Reaching Toward Your Light: Microdosing On Life To Self-Heal From Your Three Trauma Triggers

is a mental awareness and self-help memoir centered on healing from isolation, trauma, and limited ideologies sparked by personal, social, and spiritual trauma triggers.

"Rejection is my birthright."

Clifford's primary personal trauma sparked at the age of six when he learned his biological father was murdered. As a first-generation Haitian-American, Clifford inherited the historical social trauma of the Black experience that devalues Black existence. And the spiritual trauma of losing his faith as a born-again Christian in his mid 20's, ignited the trilogy of traumas that led to nightly panic attacks from thanatophobia.

Unhealed and poorly managed, these three traumas led to depression, misanthropy, and inevitably, thanatophobia.
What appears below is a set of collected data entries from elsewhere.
(* Suppose the difference-in-means estimator $\widehat\tau_{DIM}$ is computed from outcomes generated under a balanced $K$-cluster randomized design $\mathcal{D}(\mathcal{C})$, and the potential outcomes follow the linear model $Y_i(\mathbf{Z}) = \alpha_i + \beta_i Z_i + \gamma_i e_i(\mathbf{Z})$ with fixed real coefficients $\alpha_i,\beta_i,\gamma_i$. Then $$\tau - \mathbb{E}_{\mathbf{Z}\sim\mathcal{D}(\mathcal{C})}[\widehat\tau_{DIM}] = \frac{2}{N}\cdot\frac{K}{K-1}\sum_{i\in[N]}\sum_{j\notin\mathcal{C}(i)} \gamma_i \sum_{s\in[M]} \frac{w_{is}}{\sum_{s'\in[M]} w_{is'}}\,\frac{w_{js}}{\sum_{k\in[N]} w_{ks}}.$$ Moreover, fix real numbers $\Gamma_0\le\Gamma_1$, not both zero. Then, among all partitions $\mathcal{C}$ of $[N]$ into $K$ equally sized clusters (with $K$ and $K_T$ fixed), the set of minimizers of $\max_{\boldsymbol\gamma\in[\Gamma_0,\Gamma_1]^N}\left|\tau-\mathbb{E}_{\mathbf{Z}\sim\mathcal{D}(\mathcal{C})}[\widehat\tau_{DIM}]\right|$ equals the set of minimizers of $\mathcal{H}(\mathcal{C})$.
   Context: Setting: $N$ experimental units $[N]$ and $M$ interference units $[M]$, with known weights $w_{is}\ge 0$ for $i\in[N]$, $s\in[M]$; assume $\sum_{s} w_{is}>0$ for every $i$ and $\sum_i w_{is}>0$ for every $s$. A treatment assignment is $\mathbf{Z}\in\{-1,1\}^N$ ($1$ = treatment, $-1$ = control). The dose of interference unit $s$ is $d_s=\frac{\sum_{i\in[N]} w_{is}Z_i}{\sum_{i\in[N]} w_{is}}$ and the exposure of experimental unit $i$ is $e_i=e_i(\mathbf{Z})=\frac{\sum_{s\in[M]} w_{is}d_s}{\sum_{s\in[M]} w_{is}}$. Balanced $K$-cluster randomized design: $K\ge 2$ divides $N$, $\mathcal{C}=\{C_1,\dots,C_K\}$ is a partition of $[N]$ into $K$ clusters of equal size $N/K$, $\mathcal{C}(i)$ denotes the cluster containing $i$, and $\mathcal{D}(\mathcal{C})$ is the distribution of $\mathbf{Z}$ obtained by choosing $K_T$ clusters uniformly at random (fixed integer $0<K_T<K$), setting $Z_i=1$ for all units in these clusters and $Z_i=-1$ otherwise; $K_C=K-K_T$. Let $N_T=NK_T/K$ and $N_C=N-N_T$ (numbers of treated and control units). The difference-in-means estimator is $\widehat\tau_{DIM}=\frac{1}{N_T}\sum_{i:Z_i=1}Y_i-\frac{1}{N_C}\sum_{i:Z_i=-1}Y_i$, where $Y_i=Y_i(\mathbf{Z})$ is the observed outcome. The average total treatment effect is $\tau=\frac1N\sum_{i\in[N]}\big(Y_i(\mathbf{1})-Y_i(-\mathbf{1})\big)$. The clustering objective is $\mathcal{H}(\mathcal{C})=\sum_{i\in[N]}\sum_{j\in[N]\setminus\mathcal{C}(i)}\sum_{s\in[M]}\frac{w_{is}}{\sum_{s'\in[M]} w_{is'}}\frac{w_{js}}{\sum_{k\in[N]} w_{ks}}$. *)

theory Defs
  imports "HOL-Probability.Probability"
begin

text \<open>Experimental units are 0..<N, interference units are 0..<M,
  weights w i s. Assignments are functions Z :: nat => real with values 1/-1.\<close>

definition dose :: "(nat \<Rightarrow> nat \<Rightarrow> real) \<Rightarrow> nat \<Rightarrow> nat \<Rightarrow> (nat \<Rightarrow> real) \<Rightarrow> real" where
  "dose w N s Z = (\<Sum>i<N. w i s * Z i) / (\<Sum>i<N. w i s)"

definition exposure :: "(nat \<Rightarrow> nat \<Rightarrow> real) \<Rightarrow> nat \<Rightarrow> nat \<Rightarrow> nat \<Rightarrow> (nat \<Rightarrow> real) \<Rightarrow> real" where
  "exposure w N M i Z = (\<Sum>s<M. w i s * dose w N s Z) / (\<Sum>s<M. w i s)"

definition lin_outcome ::
  "(nat \<Rightarrow> nat \<Rightarrow> real) \<Rightarrow> nat \<Rightarrow> nat \<Rightarrow> (nat \<Rightarrow> real) \<Rightarrow> (nat \<Rightarrow> real) \<Rightarrow> (nat \<Rightarrow> real)
    \<Rightarrow> nat \<Rightarrow> (nat \<Rightarrow> real) \<Rightarrow> real" where
  "lin_outcome w N M \<alpha> \<beta> \<gamma> i Z = \<alpha> i + \<beta> i * Z i + \<gamma> i * exposure w N M i Z"

definition balanced_partition :: "nat \<Rightarrow> nat \<Rightarrow> nat set set \<Rightarrow> bool" where
  "balanced_partition N K C \<longleftrightarrow> partition_on {..<N} C \<and> card C = K \<and> (\<forall>c\<in>C. card c = N div K)"

definition cluster_of :: "nat set set \<Rightarrow> nat \<Rightarrow> nat set" where
  "cluster_of C i = (THE c. c \<in> C \<and> i \<in> c)"

definition cluster_assign :: "nat set set \<Rightarrow> nat \<Rightarrow> real" where
  "cluster_assign T = (\<lambda>i. if i \<in> \<Union>T then 1 else -1)"

definition cluster_design :: "nat set set \<Rightarrow> nat \<Rightarrow> (nat \<Rightarrow> real) pmf" where
  "cluster_design C KT = map_pmf cluster_assign (pmf_of_set {T. T \<subseteq> C \<and> card T = KT})"

definition dim_estimator ::
  "nat \<Rightarrow> nat \<Rightarrow> nat \<Rightarrow> (nat \<Rightarrow> (nat \<Rightarrow> real) \<Rightarrow> real) \<Rightarrow> (nat \<Rightarrow> real) \<Rightarrow> real" where
  "dim_estimator N K KT Y Z =
     (let NT = real N * real KT / real K; NC = real N - NT in
      (1 / NT) * (\<Sum>i\<in>{i. i < N \<and> Z i = 1}. Y i Z) - (1 / NC) * (\<Sum>i\<in>{i. i < N \<and> Z i = -1}. Y i Z))"

definition att :: "nat \<Rightarrow> (nat \<Rightarrow> (nat \<Rightarrow> real) \<Rightarrow> real) \<Rightarrow> real" where
  "att N Y = (1 / real N) * (\<Sum>i<N. Y i (\<lambda>_. 1) - Y i (\<lambda>_. -1))"

definition H_obj :: "(nat \<Rightarrow> nat \<Rightarrow> real) \<Rightarrow> nat \<Rightarrow> nat \<Rightarrow> nat set set \<Rightarrow> real" where
  "H_obj w N M C = (\<Sum>i<N. \<Sum>j\<in>{..<N} - cluster_of C i. \<Sum>s<M.
      (w i s / (\<Sum>s'<M. w i s')) * (w j s / (\<Sum>k<N. w k s)))"

end

theory Submission
  imports Defs
begin

text \<open>Under the cluster design, E Z_i = mu = 2 K_T / K - 1, while E Z_i Z_j is 1 within a
  cluster and a constant rho across clusters. The exposure is linear, e_i = sum_j A_ij Z_j, with
  rows of A summing to 1, and on +-1 assignments the estimator equals sum_i Y_i (a + b Z_i).
  Taking expectations, the intercepts drop out (a + b mu = 0), the direct effects are estimated
  without bias (a mu + b = 2/N), and each spillover coefficient gamma_i loses
  b (1 - rho) = (2/N) K/(K - 1) times the weight sum_{j not in C(i)} A_ij that unit i receives
  from outside its cluster. The bias is thus linear in gamma with non-negative coefficients, so
  over the box [Gamma_0, Gamma_1]^N its modulus is maximised by the constant gamma of larger
  modulus, and the worst-case bias is a fixed positive multiple of H(C).\<close>

lemma card_subsets_containing:
  assumes "finite A" "F \<subseteq> A" "card F \<le> k"
  shows "card {T. T \<subseteq> A \<and> card T = k \<and> F \<subseteq> T} = (card A - card F) choose (k - card F)"
proof -
  have "finite F" using assms finite_subset by blast
  have "bij_betw (\<lambda>T. T - F) {T. T \<subseteq> A \<and> card T = k \<and> F \<subseteq> T} {T. T \<subseteq> A - F \<and> card T = k - card F}"
  proof (rule bij_betw_byWitness[where f' = "\<lambda>T. T \<union> F"])
    show "(\<lambda>T. T - F) ` {T. T \<subseteq> A \<and> card T = k \<and> F \<subseteq> T} \<subseteq> {T. T \<subseteq> A - F \<and> card T = k - card F}"
      using \<open>finite F\<close> assms(1) by (auto simp: card_Diff_subset dest: finite_subset)
    show "(\<lambda>T. T \<union> F) ` {T. T \<subseteq> A - F \<and> card T = k - card F} \<subseteq> {T. T \<subseteq> A \<and> card T = k \<and> F \<subseteq> T}"
    proof safe
      fix T assume "T \<subseteq> A - F" "card T = k - card F"
      moreover have "finite T" using \<open>T \<subseteq> A - F\<close> assms(1) finite_subset by blast
      ultimately show "card (T \<union> F) = k"
        using \<open>finite F\<close> assms(3) by (subst card_Un_disjoint) auto
    qed (use assms in auto)
  qed auto
  then have "card {T. T \<subseteq> A \<and> card T = k \<and> F \<subseteq> T} = card (A - F) choose (k - card F)"
    using assms(1) by (simp add: bij_betw_same_card n_subsets)
  then show ?thesis
    using assms \<open>finite F\<close> by (simp add: card_Diff_subset)
qed

lemma subsets_of_card_nonempty_finite:
  assumes "finite A" "k \<le> card A"
  shows "{T. T \<subseteq> A \<and> card T = k} \<noteq> {}" "finite {T. T \<subseteq> A \<and> card T = k}"
  using assms card_gt_0_iff[of "{T. T \<subseteq> A \<and> card T = k}"] by (simp_all add: n_subsets)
Masking depression, fear, and hatred were easy as an alcoholic. Clifford was used to suffering in silence, so he didn’t mind the three years of nightly panic attacks that followed because they happened in the seclusion of his bedroom. But after masking a panic attack on a rush-hour New York City subway with a flask in hand, he knew he was becoming powerless against his traumas.
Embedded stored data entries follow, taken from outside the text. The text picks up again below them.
lemma rho_const: "\<rho> (\<lambda>_. c) = c"
  using sublinear unfolding sublinear_op_def by blast

lemma rho_subadditive:
  "X \<in> Lp M (2 + eps) \<Longrightarrow> Y \<in> Lp M (2 + eps) \<Longrightarrow> \<rho> (\<lambda>x. X x + Y x) \<le> \<rho> X + \<rho> Y"
  using sublinear unfolding sublinear_op_def by blast

lemma rho_pos_homogeneous: "X \<in> Lp M (2 + eps) \<Longrightarrow> 0 \<le> l \<Longrightarrow> \<rho> (\<lambda>x. l * X x) = l * \<rho> X"
  using sublinear unfolding sublinear_op_def by blast

lemma rho_nonneg:
  assumes "X \<in> Lp M (2 + eps)" "\<And>x. 0 \<le> X x"
  shows "0 \<le> \<rho> X"
  using rho_mono[OF Lp_const' assms(1), of 0] assms(2) rho_const[of 0] by simp

text \<open>Along a subsequence \<open>k\<^sub>j\<close> with fast-decaying norms, the functions \<open>(j + 1) T (k\<^sub>j)\<close>
  have a common majorant \<open>Z\<close> in \<open>L\<^sup>2\<^sup>+\<^sup>\<epsilon>\<close>.\<close>

lemma rho_decseq_majorant:
  fixes T :: "nat \<Rightarrow> 'a \<Rightarrow> real"
  assumes T: "\<And>k. T k \<in> Lp M (2 + eps)" and nonneg: "\<And>k x. 0 \<le> T k x"
    and dec: "\<And>k x. T (Suc k) x \<le> T k x"
    and lim: "(\<lambda>k. integral\<^sup>L M (\<lambda>x. \<bar>T k x\<bar> powr (2 + eps))) \<longlonglongrightarrow> 0"
  obtains Z kk where "\<And>j k. kk j \<le> k \<Longrightarrow> (real j + 1) * \<rho> (T k) \<le> \<rho> Z"
proof -
  let ?r = "2 + eps"
  have "\<exists>k. integral\<^sup>L M (\<lambda>x. \<bar>T k x\<bar> powr ?r) < (1/2)^j / (real j + 1) powr ?r" for j
    using order_tendstoD(2)[OF lim, of "(1/2)^j / (real j + 1) powr ?r"]
    by (auto simp: eventually_sequentially)
  then obtain kk where kk: "\<And>j. integral\<^sup>L M (\<lambda>x. \<bar>T (kk j) x\<bar> powr ?r) < (1/2)^j / (real j + 1) powr ?r"
    by metis
  have small: "integral\<^sup>L M (\<lambda>x. \<bar>(real j + 1) * T (kk j) x\<bar> powr ?r) \<le> (1/2)^j" for j
    using mult_left_mono[OF less_imp_le[OF kk[of j]], of "(real j + 1) powr ?r"]
    by (simp add: abs_mult powr_mult)
  have "0 < ?r" using eps_pos by simp
  from Lp_common_majorant[OF this Lp_cmult[OF T] _ small] nonneg
  obtain Z where Z: "Z \<in> Lp M ?r" and major: "\<And>j. AE x in M. (real j + 1) * T (kk j) x \<le> Z x"
    by fastforce
  have antimono: "T k x \<le> T k' x" if "k' \<le> k" for k k' x
    using that by (induction k) (auto simp: le_Suc_eq intro: order_trans[OF dec])
  have "(real j + 1) * \<rho> (T k) \<le> \<rho> Z" if "kk j \<le> k" for j k
  proof -
    have "(real j + 1) * \<rho> (T k) = \<rho> (\<lambda>x. (real j + 1) * T k x)"
      by (rule rho_pos_homogeneous[symmetric, OF T]) simp
    also have "\<dots> \<le> \<rho> Z"
      using major[of j]
    proof (intro rho_mono[OF Lp_cmult[OF T] Z], eventually_elim)
      case (elim x)
      have "(real j + 1) * T k x \<le> (real j + 1) * T (kk j) x"
        using antimono[OF that] by (intro mult_left_mono) auto
      thus ?case using elim by linarith
    qed
    finally show ?thesis .
  qed
  thus ?thesis using that by blast
qed

lemma rho_decseq_tendsto_zero:
  fixes T :: "nat \<Rightarrow> 'a \<Rightarrow> real"
  assumes T: "\<And>k. T k \<in> Lp M (2 + eps)" and nonneg: "\<And>k x. 0 \<le> T k x"
    and dec: "\<And>k x. T (Suc k) x \<le> T k x"
    and lim: "(\<lambda>k. integral\<^sup>L M (\<lambda>x. \<bar>T k x\<bar> powr (2 + eps))) \<longlonglongrightarrow> 0"
  shows "(\<lambda>k. \<rho> (T k)) \<longlonglongrightarrow> 0"
proof (rule order_tendstoI)
  fix a :: real assume "a < 0"
  thus "eventually (\<lambda>k. a < \<rho> (T k)) sequentially"
    using rho_nonneg[OF T nonneg] by (auto intro: always_eventually less_le_trans)
next
  fix a :: real assume a: "0 < a"
  obtain kk Z where bound: "\<And>j k. kk j \<le> k \<Longrightarrow> (real j + 1) * \<rho> (T k) \<le> \<rho> Z"
    by (rule rho_decseq_majorant[OF T nonneg dec lim]) blast
  obtain j :: nat where j: "\<rho> Z / a < real j" using reals_Archimedean2 by blast
  have "\<rho> (T k) < a" if "kk j \<le> k" for k
  proof -
    have "(real j + 1) * \<rho> (T k) < (real j + 1) * a"
      using bound[OF that] j a by (simp add: field_simps)
    thus ?thesis by (simp add: mult_less_cancel_left_pos add_pos_nonneg)
  qed
  thus "eventually (\<lambda>k. \<rho> (T k) < a) sequentially"
    unfolding eventually_sequentially by blast
qed

lemma densD:
  assumes "f \<in> D"
  shows "f \<in> borel_measurable M" "AE x in M. 0 \<le> f x" "integrable M f" "integral\<^sup>L M f = 1"
    and "X \<in> Lp M (2 + eps) \<Longrightarrow> integrable M (\<lambda>x. f x * X x)"
    and "X \<in> Lp M (2 + eps) \<Longrightarrow> E f X \<le> \<rho> X"
  using assms by (auto simp: dens_def)

lemma dens_measurable[measurable_dest]: "f \<in> D \<Longrightarrow> f \<in> borel_measurable M"
  by (rule densD)

lemma dens_convex:
  assumes f: "f \<in> D" and g: "g \<in> D" and t: "0 \<le> t" "t \<le> 1"
  shows "(\<lambda>x. (1 - t) * f x + t * g x) \<in> D"
  unfolding dens_def
proof (intro CollectI conjI ballI)
  show "(\<lambda>x. (1 - t) * f x + t * g x) \<in> borel_measurable M" using f g by measurable
  show "AE x in M. 0 \<le> (1 - t) * f x + t * g x"
    using densD(2)[OF f] densD(2)[OF g] by eventually_elim (use t in auto)
  show "integrable M (\<lambda>x. (1 - t) * f x + t * g x)" using densD(3)[OF f] densD(3)[OF g] by simp
  show "integral\<^sup>L M (\<lambda>x. (1 - t) * f x + t * g x) = 1"
    using densD(3,4)[OF f] densD(3,4)[OF g] by simp
  fix X assume X: "X \<in> Lp M (2 + eps)"
  have mix: "(\<lambda>x. ((1 - t) * f x + t * g x) * X x) = (\<lambda>x. (1 - t) * (f x * X x) + t * (g x * X x))"
    by (auto simp: algebra_simps)
  show "integrable M (\<lambda>x. ((1 - t) * f x + t * g x) * X x)"
    unfolding mix using densD(5)[OF f X] densD(5)[OF g X] by simp
  have "E (\<lambda>x. (1 - t) * f x + t * g x) X = (1 - t) * E f X + t * E g X"
    unfolding mix using densD(5)[OF f X] densD(5)[OF g X] by simp
  also have "\<dots> \<le> (1 - t) * \<rho> X + t * \<rho> X"
    using densD(6)[OF f X] densD(6)[OF g X] t by (intro add_mono mult_left_mono) auto
  finally show "E (\<lambda>x. (1 - t) * f x + t * g x) X \<le> \<rho> X" by (simp add: algebra_simps)
qed

end

locale dominated_linear = sublinear_expectation +
  fixes L :: "('a \<Rightarrow> real) \<Rightarrow> real"
  assumes L_add: "X \<in> Lp M (2 + eps) \<Longrightarrow> Y \<in> Lp M (2 + eps) \<Longrightarrow> L (\<lambda>x. X x + Y x) = L X + L Y"
    and L_cmult: "X \<in> Lp M (2 + eps) \<Longrightarrow> L (\<lambda>x. c * X x) = c * L X"
    and L_le_rho: "X \<in> Lp M (2 + eps) \<Longrightarrow> L X \<le> \<rho> X"
begin

lemma L_diff: "X \<in> Lp M (2 + eps) \<Longrightarrow> Y \<in> Lp M (2 + eps) \<Longrightarrow> L (\<lambda>x. X x - Y x) = L X - L Y"
  using L_add[OF _ Lp_uminus] L_cmult[of _ "-1"] by fastforce

lemma L_zero: "L (\<lambda>x. 0) = 0"
  using L_cmult[OF Lp_const', of 0] by simp

lemma L_nonneg:
  assumes X: "X \<in> Lp M (2 + eps)" and nonneg: "AE x in M. 0 \<le> X x"
  shows "0 \<le> L X"
proof -
  have "\<rho> (\<lambda>x. - X x) \<le> \<rho> (\<lambda>x. 0)"
    using nonneg by (intro rho_mono[OF Lp_uminus[OF X] Lp_const']) (auto elim!: eventually_mono)
  hence "L (\<lambda>x. - X x) \<le> \<rho> (\<lambda>x. 0)" using L_le_rho[OF Lp_uminus[OF X]] by simp
  thus ?thesis using L_cmult[OF X, of "-1"] rho_const[of 0] by simp
qed

lemma L_mono: "X \<in> Lp M (2 + eps) \<Longrightarrow> Y \<in> Lp M (2 + eps) \<Longrightarrow> (AE x in M. X x \<le> Y x) \<Longrightarrow> L X \<le> L Y"
  using L_nonneg[OF Lp_diff', of Y X] L_diff[of Y X] by (auto elim!: eventually_mono)

lemma L_cong: "X \<in> Lp M (2 + eps) \<Longrightarrow> Y \<in> Lp M (2 + eps) \<Longrightarrow> (AE x in M. X x = Y x) \<Longrightarrow> L X = L Y"
  by (rule antisym; rule L_mono) (auto elim!: eventually_mono)

lemma L_one: "L (\<lambda>x. 1) = 1"
  using L_le_rho[OF Lp_const', of 1] L_le_rho[OF Lp_const', of "-1"] rho_const
    L_cmult[OF Lp_const', of "-1" 1] by simp

lemma L_decseq_tendsto_zero:
  fixes T :: "nat \<Rightarrow> 'a \<Rightarrow> real"
  assumes T: "\<And>k. T k \<in> Lp M (2 + eps)" and nonneg: "\<And>k x. 0 \<le> T k x"
    and dec: "\<And>k x. T (Suc k) x \<le> T k x"
    and lim: "(\<lambda>k. integral\<^sup>L M (\<lambda>x. \<bar>T k x\<bar> powr (2 + eps))) \<longlonglongrightarrow> 0"
  shows "(\<lambda>k. L (T k)) \<longlonglongrightarrow> 0"
proof (rule tendsto_sandwich[where f = "\<lambda>k. 0" and h = "\<lambda>k. \<rho> (T k)"])
  show "\<forall>\<^sub>F k in sequentially. 0 \<le> L (T k)" using L_nonneg[OF T] nonneg by auto
  show "\<forall>\<^sub>F k in sequentially. L (T k) \<le> \<rho> (T k)" using L_le_rho[OF T] by auto
qed (simp_all add: rho_decseq_tendsto_zero[OF T nonneg dec lim])

lemma L_incseq_tendsto:
  fixes U :: "nat \<Rightarrow> 'a \<Rightarrow> real"
  assumes u: "u \<in> Lp M (2 + eps)" and U: "\<And>i. U i \<in> Lp M (2 + eps)"
    and inc: "incseq U" and nonneg: "\<And>i x. 0 \<le> U i x"
    and bounds: "\<And>i x. x \<in> space M \<Longrightarrow> U i x \<le> u x"
    and lim: "\<And>x. x \<in> space M \<Longrightarrow> (\<lambda>i. U i x) \<longlonglongrightarrow> u x"
  shows "(\<lambda>i. L (U i)) \<longlonglongrightarrow> L u"
proof -
  define T where "T = (\<lambda>i x. max 0 (u x - U i x))"
  have T: "T i \<in> Lp M (2 + eps)" for i
    unfolding T_def using eps_pos Lp_measurable[OF u] Lp_measurable[OF U]
    by (intro Lp_dominated[OF Lp_diff'[OF u U[of i]]]) auto
  have LT: "L (T i) = L u - L (U i)" for i
    using L_cong[OF T Lp_diff'[OF u U], of i i] L_diff[OF u U] bounds
    by (auto simp: T_def intro!: AE_I2)
  have "(\<lambda>i. L (T i)) \<longlonglongrightarrow> 0"
  proof (rule L_decseq_tendsto_zero[OF T])
    show "T (Suc k) x \<le> T k x" for k x
      using inc unfolding T_def incseq_Suc_iff le_fun_def by (simp add: max.coboundedI2)
    show "(\<lambda>k. integral\<^sup>L M (\<lambda>x. \<bar>T k x\<bar> powr (2 + eps))) \<longlonglongrightarrow> 0"
      unfolding T_def using eps_pos Lp_measurable[OF U]
      by (intro Lp_incseq_gap_tendsto_zero[OF _ u _ nonneg bounds lim]) auto
  qed (simp add: T_def)
  hence "(\<lambda>i. L u - L (T i)) \<longlonglongrightarrow> L u - 0" by (intro tendsto_intros)
  thus ?thesis using LT by simp
qed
After his first panic attack, Clifford was willing to see a therapist, but the white faces in his online search reaffirmed that therapy wasn't a space for Black people. Plus, what could a white therapist say to calm the trauma of Post Traumatic Slave Syndrome, the tragic history of Haiti, or the ongoing disregard for Black life.

Forgive? No. Forget? Never.

From the isolating streets and dreary gray skies of Brooklyn, NY to the sun-kissed shores of South Beach Miami, REACHING TOWARD YOUR LIGHT navigates the discovery of Clifford’s trilogy of trauma triggers and the empowerment that followed from leaving Brooklyn and finally confronting his fears and himself on South Beach's shore.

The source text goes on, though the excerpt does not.